[About this task]:
Find the word "begin" in the records below. List each line containing it.

[Saved entries]:
(* Let $1\le i,j,k,l\le n$ with $i<j$, $k<l$, $i\le k$. Then in ${\boldsymbol U}_{v}(\mathfrak q_n)$: \[ \mathsf E_{j,i}\mathsf E_{k,l}=\begin{cases}\mathsf E_{k,l}\mathsf E_{j,i} & (i<j\le k<l\text{ or } i<k<l<j),\\ \mathsf E_{k,l}\mathsf E_{j,i}-\mathsf E_{j,l}\mathsf K_j\mathsf K_i^{-1} & (i=k<j<l),\\ \mathsf E_{k,l}\mathsf E_{j,i}+\mathsf E_{k,i}\mathsf K_j\mathsf K_k^{-1} & (i<k<j=l),\\ \mathsf E_{k,l}\mathsf E_{j,i}-(v-v^{-1})\mathsf E_{k,i}\mathsf E_{j,l}\mathsf K_j\mathsf K_k^{-1} & (i<k<j<l),\\ \mathsf E_{k,l}\mathsf E_{j,i}+\dfrac{\mathsf K_j\mathsf K_i^{-1}-\mathsf K_i\mathsf K_j^{-1}}{v-v^{-1}} & (i=k\text{ and } j=l).\end{cases} \]
   Context: Let $v$ be an indeterminate. The quantum queer superalgebra ${\boldsymbol U}_{v}(\mathfrak q_n)$ is the associative superalgebra over $\mathbb Q(v)$ generated by even generators $\mathsf K_i,\mathsf K_i^{-1}$ ($1\le i\le n$), $\mathsf E_j,\mathsf F_j$ ($1\le j\le n-1$) and odd generators $\mathsf K_{\bar i}$ ($1\le i\le n$), $\mathsf E_{\bar j},\mathsf F_{\bar j}$ ($1\le j\le n-1$), subject to the following relations (indices are taken only where they make sense), where $(\epsilon_i,\alpha_j)=\delta_{i,j}-\delta_{i,j+1}$: (QQ1) $\mathsf K_i\mathsf K_i^{-1}=\mathsf K_i^{-1}\mathsf K_i=1$, $\mathsf K_i\mathsf K_j=\mathsf K_j\mathsf K_i$, $\mathsf K_i\mathsf K_{\bar j}=\mathsf K_{\bar j}\mathsf K_i$, $\mathsf K_{\bar i}\mathsf K_{\bar j}+\mathsf K_{\bar j}\mathsf K_{\bar i}=2\delta_{i,j}\frac{\mathsf K_i^2-\mathsf K_i^{-2}}{v^2-v^{-2}}$. (QQ2) $\mathsf K_i\mathsf E_j=v^{(\epsilon_i,\alpha_j)}\mathsf E_j\mathsf K_i$, $\mathsf K_i\mathsf E_{\bar j}=v^{(\epsilon_i,\alpha_j)}\mathsf E_{\bar j}\mathsf K_i$, $\mathsf K_i\mathsf F_j=v^{-(\epsilon_i,\alpha_j)}\mathsf F_j\mathsf K_i$, $\mathsf K_i\mathsf F_{\bar j}=v^{-(\epsilon_i,\alpha_j)}\mathsf F_{\bar j}\mathsf K_i$. (QQ3) $\mathsf K_{\bar i}\mathsf E_i-v\mathsf E_i\mathsf K_{\bar i}=\mathsf E_{\bar i}\mathsf K_i^{-1}$, $v\mathsf K_{\bar i}\mathsf E_{i-1}-\mathsf E_{i-1}\mathsf K_{\bar i}=-\mathsf K_i^{-1}\mathsf E_{\overline{i-1}}$, $\mathsf K_{\bar i}\mathsf F_i-v\mathsf F_i\mathsf K_{\bar i}=-\mathsf F_{\bar i}\mathsf K_i$, $v\mathsf K_{\bar i}\mathsf F_{i-1}-\mathsf F_{i-1}\mathsf K_{\bar i}=\mathsf K_i\mathsf F_{\overline{i-1}}$, $\mathsf K_{\bar i}\mathsf E_{\bar i}+v\mathsf E_{\bar i}\mathsf K_{\bar i}=\mathsf E_i\mathsf K_i^{-1}$, $v\mathsf K_{\bar i}\mathsf E_{\overline{i-1}}+\mathsf E_{\overline{i-1}}\mathsf K_{\bar i}=\mathsf K_i^{-1}\mathsf E_{i-1}$, $\mathsf K_{\bar i}\mathsf F_{\bar i}+v\mathsf F_{\bar i}\mathsf K_{\bar i}=\mathsf F_i\mathsf K_i$, $v\mathsf K_{\bar i}\mathsf F_{\overline{i-1}}+\mathsf F_{\overline{i-1}}\mathsf K_{\bar i}=\mathsf K_i\mathsf F_{i-1}$, and for $j\ne i,i-1$: $\mathsf K_{\bar i}\mathsf E_j=\mathsf E_j\mathsf K_{\bar i}$, $\mathsf K_{\bar i}\mathsf F_j=\mathsf F_j\mathsf K_{\bar i}$, $\mathsf K_{\bar i}\mathsf E_{\bar j}=-\mathsf E_{\bar j}\mathsf K_{\bar i}$, $\mathsf K_{\bar i}\mathsf F_{\bar j}=-\mathsf F_{\bar j}\mathsf K_{\bar i}$. (QQ4) $\mathsf E_i\mathsf F_j-\mathsf F_j\mathsf E_i=\delta_{i,j}\frac{\mathsf K_i\mathsf K_{i+1}^{-1}-\mathsf K_i^{-1}\mathsf K_{i+1}}{v-v^{-1}}$, $\mathsf E_{\bar i}\mathsf F_{\bar j}+\mathsf F_{\bar j}\mathsf E_{\bar i}=\delta_{i,j}\big(\frac{\mathsf K_i\mathsf K_{i+1}-\mathsf K_i^{-1}\mathsf K_{i+1}^{-1}}{v-v^{-1}}+(v-v^{-1})\mathsf K_{\bar i}\mathsf K_{\overline{i+1}}\big)$, $\mathsf E_i\mathsf F_{\bar j}-\mathsf F_{\bar j}\mathsf E_i=\delta_{i,j}(\mathsf K_{i+1}^{-1}\mathsf K_{\bar i}-\mathsf K_{\overline{i+1}}\mathsf K_i^{-1})$, $\mathsf E_{\bar i}\mathsf F_j-\mathsf F_j\mathsf E_{\bar i}=\delta_{i,j}(\mathsf K_{i+1}\mathsf K_{\bar i}-\mathsf K_{\overline{i+1}}\mathsf K_i)$. (QQ5) $\mathsf E_{\bar i}^2=-\frac{v-v^{-1}}{v+v^{-1}}\mathsf E_i^2$, $\mathsf F_{\bar i}^2=\frac{v-v^{-1}}{v+v^{-1}}\mathsf F_i^2$; for $|i-j|\ne1$: $\mathsf E_i\mathsf E_{\bar j}=\mathsf E_{\bar j}\mathsf E_i$, $\mathsf F_i\mathsf F_{\bar j}=\mathsf F_{\bar j}\mathsf F_i$; for $|i-j|>1$: $\mathsf E_i\mathsf E_j=\mathsf E_j\mathsf E_i$, $\mathsf F_i\mathsf F_j=\mathsf F_j\mathsf F_i$, $\mathsf E_{\bar i}\mathsf E_{\bar j}=-\mathsf E_{\bar j}\mathsf E_{\bar i}$, $\mathsf F_{\bar i}\mathsf F_{\bar j}=-\mathsf F_{\bar j}\mathsf F_{\bar i}$; $\mathsf E_i\mathsf E_{i+1}-v\mathsf E_{i+1}\mathsf E_i=\mathsf E_{\bar i}\mathsf E_{\overline{i+1}}+v\mathsf E_{\overline{i+1}}\mathsf E_{\bar i}$, $\mathsf E_i\mathsf E_{\overline{i+1}}-v\mathsf E_{\overline{i+1}}\mathsf E_i=\mathsf E_{\bar i}\mathsf E_{i+1}-v\mathsf E_{i+1}\mathsf E_{\bar i}$, $\mathsf F_i\mathsf F_{i+1}-v\mathsf F_{i+1}\mathsf F_i=-(\mathsf F_{\bar i}\mathsf F_{\overline{i+1}}+v\mathsf F_{\overline{i+1}}\mathsf F_{\bar i})$, $\mathsf F_i\mathsf F_{\overline{i+1}}-v\mathsf F_{\overline{i+1}}\mathsf F_i=\mathsf F_{\bar i}\mathsf F_{i+1}-v\mathsf F_{i+1}\mathsf F_{\bar i}$. (QQ6) for $|i-j|=1$: $\mathsf E_i^2X-(v+v^{-1})\mathsf E_iX\mathsf E_i+X\mathsf E_i^2=0$ for $X\in\{\mathsf E_j,\mathsf E_{\bar j}\}$ and $\mathsf F_i^2Y-(v+v^{-1})\mathsf F_iY\mathsf F_i+Y\mathsf F_i^2=0$ for $Y\in\{\mathsf F_j,\mathsf F_{\bar j}\}$. Quantum root vectors: for $1\le i\le n-1$ put $\mathsf E_{i,i+1}=\mathsf E_i$, $\overline{\mathsf E}_{i,i+1}=\mathsf E_{\bar i}$, $\mathsf E_{i+1,i}=\mathsf F_i$, $\overline{\mathsf E}_{i+1,i}=\mathsf F_{\bar i}$, and recursively for $i+1<j\le n$: $\mathsf E_{i,j}=-\mathsf E_{i,j-1}\mathsf E_{j-1}+v^{-1}\mathsf E_{j-1}\mathsf E_{i,j-1}$, $\overline{\mathsf E}_{i,j}=-\mathsf E_{i,j-1}\mathsf E_{\overline{j-1}}+v^{-1}\mathsf E_{\overline{j-1}}\mathsf E_{i,j-1}$, $\mathsf E_{j,i}=-\mathsf F_{j-1}\mathsf E_{j-1,i}+v\mathsf E_{j-1,i}\mathsf F_{j-1}$, $\overline{\mathsf E}_{j,i}=-\mathsf F_{\overline{j-1}}\mathsf E_{j-1,i}+v\mathsf E_{j-1,i}\mathsf F_{\overline{j-1}}$. *)

theory Defs
  imports "HOL-Computational_Algebra.Polynomial" "HOL-Computational_Algebra.Fraction_Field"
begin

[Task output]:
(* Let $1\le i,j,k,l\le n$ with $i<j$, $k<l$, $i\le k$. Then in ${\boldsymbol U}_{v}(\mathfrak q_n)$: \[ \mathsf E_{j,i}\mathsf E_{k,l}=\begin{cases}\mathsf E_{k,l}\mathsf E_{j,i} & (i<j\le k<l\text{ or } i<k<l<j),\\ \mathsf E_{k,l}\mathsf E_{j,i}-\mathsf E_{j,l}\mathsf K_j\mathsf K_i^{-1} & (i=k<j<l),\\ \mathsf E_{k,l}\mathsf E_{j,i}+\mathsf E_{k,i}\mathsf K_j\mathsf K_k^{-1} & (i<k<j=l),\\ \mathsf E_{k,l}\mathsf E_{j,i}-(v-v^{-1})\mathsf E_{k,i}\mathsf E_{j,l}\mathsf K_j\mathsf K_k^{-1} & (i<k<j<l),\\ \mathsf E_{k,l}\mathsf E_{j,i}+\dfrac{\mathsf K_j\mathsf K_i^{-1}-\mathsf K_i\mathsf K_j^{-1}}{v-v^{-1}} & (i=k\text{ and } j=l).\end{cases} \]
begin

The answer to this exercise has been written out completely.